Material for the task |
>>>
lemma sum_mult_if_eq:
  fixes F :: "nat \<Rightarrow> complex"
  assumes "c \<in> {1,2,3}"
  shows "(\<Sum>h\<in>{1,2,3}. F h * (if h = c \<and> P then R else 0)) = (if P then F c * R else 0)"
proof -
  have "(\<Sum>h\<in>{1,2,3}. F h * (if h = c \<and> P then R else 0)) = (\<Sum>h\<in>{1,2,3}. if h = c then (if P then F h * R else 0) else 0)"
    by (intro sum.cong) auto
  also have "\<dots> = (if P then F c * R else 0)"
    using assms by (subst sum.delta) auto
  finally show ?thesis .
qed

lemma sum2_mult_if_eq:
  fixes F :: "nat \<Rightarrow> nat \<Rightarrow> complex"
  assumes "c \<in> {1,2,3}" "d \<in> {1,2,3}"
  shows "(\<Sum>g\<in>{1,2,3}. \<Sum>h\<in>{1,2,3}. F g h * (if g = c \<and> h = d \<and> P then R else 0)) = (if P then F c d * R else 0)"
proof -
  have inner: "(\<Sum>h\<in>{1,2,3}. F g h * (if g = c \<and> h = d \<and> P then R else 0)) = (if g = c then (if P then F g d * R else 0) else 0)" for g
    by (cases "g = c") (simp_all only: simp_thms if_True if_False mult_zero_right sum.neutral_const sum_mult_if_eq[OF assms(2)])
  show ?thesis
    unfolding inner using assms(1) by (subst sum.delta) auto
qed

lemma sum2_mult_if_eq_outer:
  fixes F :: "nat \<Rightarrow> nat \<Rightarrow> complex"
  assumes "c \<in> {1,2,3}"
  shows "(\<Sum>g\<in>{1,2,3}. \<Sum>h\<in>{1,2,3}. F g h * (if g = c \<and> P then G h else 0)) =
    (if P then \<Sum>h\<in>{1,2,3}. F c h * G h else 0)"
proof -
  have "(\<Sum>h\<in>{1,2,3}. F g h * (if g = c \<and> P then G h else 0)) =
      (if g = c then (if P then \<Sum>h\<in>{1,2,3}. F g h * G h else 0) else 0)" for g
    by (cases "g = c"; cases P) simp_all
  then show ?thesis using assms by (simp only:) (subst sum.delta, auto)
qed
<<<
To do |
Return the lines containing "using", taking each one from the listing.

Reply to the task |
    using assms by (subst sum.delta) auto
    unfolding inner using assms(1) by (subst sum.delta) auto
  then show ?thesis using assms by (simp only:) (subst sum.delta, auto)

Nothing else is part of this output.